A autora nascida na Coréia do Sul usa seu próprio país como ambiente para a trama. De acordo com a entrevista concedida à VEJA, Yeonghye e Han Kang são mulheres que possuem a determinação como característica em comum — além de questionarem os lados sombrios e dignos da humanidade. Na narrativa, podemos encontrar uma jovem que, com uma única decisão, desencadeia traumas e causa discórdia no ambiente familiar: após acordar de inúmeros pesadelos violentos, Yeonghye opta por parar de comer carne. Mais tarde, com o propósito de deixar de causar e sentir dor para sempre, Yeonghye chega à conclusão de que deve virar uma árvore e passa a consumir apenas água. Pelos olhos e julgamentos de seu marido, seu cunhado e sua irmã, é possível enxergar o abuso que a cerca desde a infância.

“Só confio nos meus peitos. Gosto dos meus peitos, porque com eles não posso matar nada nem ninguém. Afinal, mãos, pés, dentes e língua, qualquer coisa com apenas três centímetros, tudo pode servir de arma, é capaz de matar e machucar. Até mesmo o olhar. Os peitos, não. Enquanto eu tiver esses seios redondos, estarei bem. Ainda estou bem. Mas por que será que meus peitos estão diminuindo? Já nem são mais arredondados. Por quê? Por que estou emagrecendo? Estou ficando tão afiada; será para cortar o quê?”

Para o marido, Yeonghye nunca foi sequer atraente. A descrição que ele faz da esposa logo no início do livro demonstra o quanto a despreza — “Acabei me casando porque ela não tinha nenhum charme especial, e também por não ter notado defeitos gritantes. Uma personalidade dessas, sem frescor, brilhantismo ou refinamento, me deixava confortável”, basicamente porque, dessa maneira, ele não se sentia inferior à parceira e tampouco a necessidade de ser bom. Quando Yeonghye se tornou vegetariana, seus novos hábitos e ações fizeram com que o homem a visse como uma “maluca”, resultando até mesmo no ódio crescente seguido de divórcio.

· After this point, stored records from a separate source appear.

lemma shrinkage_loss_le_RKHS_norm:
  assumes lam: "\<And>k. lam k > 0" and f: "in_RKHS M phi lam f"
  shows "shrinkage_loss M phi lam \<rho> f \<le> \<rho>\<^sup>2 * (RKHS_norm M phi lam f)\<^sup>2"
proof -
  define c where "c k = L2_inner M f (phi k)" for k
  have summable_c: "summable (\<lambda>k. (c k)\<^sup>2 / lam k)" using f by (simp add: in_RKHS_def c_def)
  note summable = summable_mult[OF summable_c, of "\<rho>\<^sup>2"]
  have le: "\<rho>\<^sup>2 / (lam k + \<rho>\<^sup>2) * (c k)\<^sup>2 \<le> \<rho>\<^sup>2 * ((c k)\<^sup>2 / lam k)" for k
    using mult_right_mono[OF shrinkage_weight_bounds(3)[OF lam[of k], of \<rho>], of "(c k)\<^sup>2"] by simp
  have "shrinkage_loss M phi lam \<rho> f \<le> (\<Sum>k. \<rho>\<^sup>2 * ((c k)\<^sup>2 / lam k))"
    unfolding shrinkage_loss_def c_def[symmetric]
  proof (rule suminf_le[OF le _ summable])
    show "summable (\<lambda>k. \<rho>\<^sup>2 / (lam k + \<rho>\<^sup>2) * (c k)\<^sup>2)"
      by (rule summable_comparison_test'[OF summable, where N = 0])
         (unfold norm_shrinkage_term[OF lam], rule le)
  qed
  also have "\<dots> = \<rho>\<^sup>2 * (\<Sum>k. (c k)\<^sup>2 / lam k)" by (rule suminf_mult[OF summable_c])
  also have "\<dots> = \<rho>\<^sup>2 * (RKHS_norm M phi lam f)\<^sup>2" by (simp add: RKHS_norm_sq[OF lam f] c_def)
  finally show ?thesis .
qed

lemma summable_shrinkage_loss:
  assumes "orthonormal_system M phi" "\<And>k. lam k > 0" "sq_int M f"
  shows "summable (\<lambda>k. \<rho>\<^sup>2 / (lam k + \<rho>\<^sup>2) * (L2_inner M f (phi k))\<^sup>2)"
  by (rule summable_shrinkage[OF assms(2) Bessel_inequality(1)[OF assms(1,3)]])

lemma shrinkage_loss_le_L2_norm:
  assumes ON: "orthonormal_system M phi" and lam: "\<And>k. lam k > 0" and f: "sq_int M f"
  shows "shrinkage_loss M phi lam \<rho> f \<le> (L2_norm M f)\<^sup>2"
proof -
  have "shrinkage_loss M phi lam \<rho> f \<le> (\<Sum>k. (L2_inner M f (phi k))\<^sup>2)"
    unfolding shrinkage_loss_def
    using shrinkage_weight_bounds(1,2)[OF lam]
    by (intro suminf_le summable_shrinkage_loss[OF ON lam f] Bessel_inequality(1)[OF ON f] mult_left_le_one_le)
       simp_all
  also have "\<dots> \<le> (L2_norm M f)\<^sup>2" unfolding L2_norm_sq by (rule Bessel_inequality(2)[OF ON f])
  finally show ?thesis .
qed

O cunhado, entretanto, guarda um segredo desde que a conheceu. Com muitos projetos escritos e desenhos engavetados, havia um trabalho em especial em seu caderno de rascunhos — algo que o produtor de vídeos artísticos deveria manter distante de quaisquer bisbilhoteiros: os rabiscos de um homem e uma mulher nus, cobertos por flores. O corpo feminino, mesmo que sem rosto, representava alguém: Yeonghye. E Yeonghye era um fetiche sexual.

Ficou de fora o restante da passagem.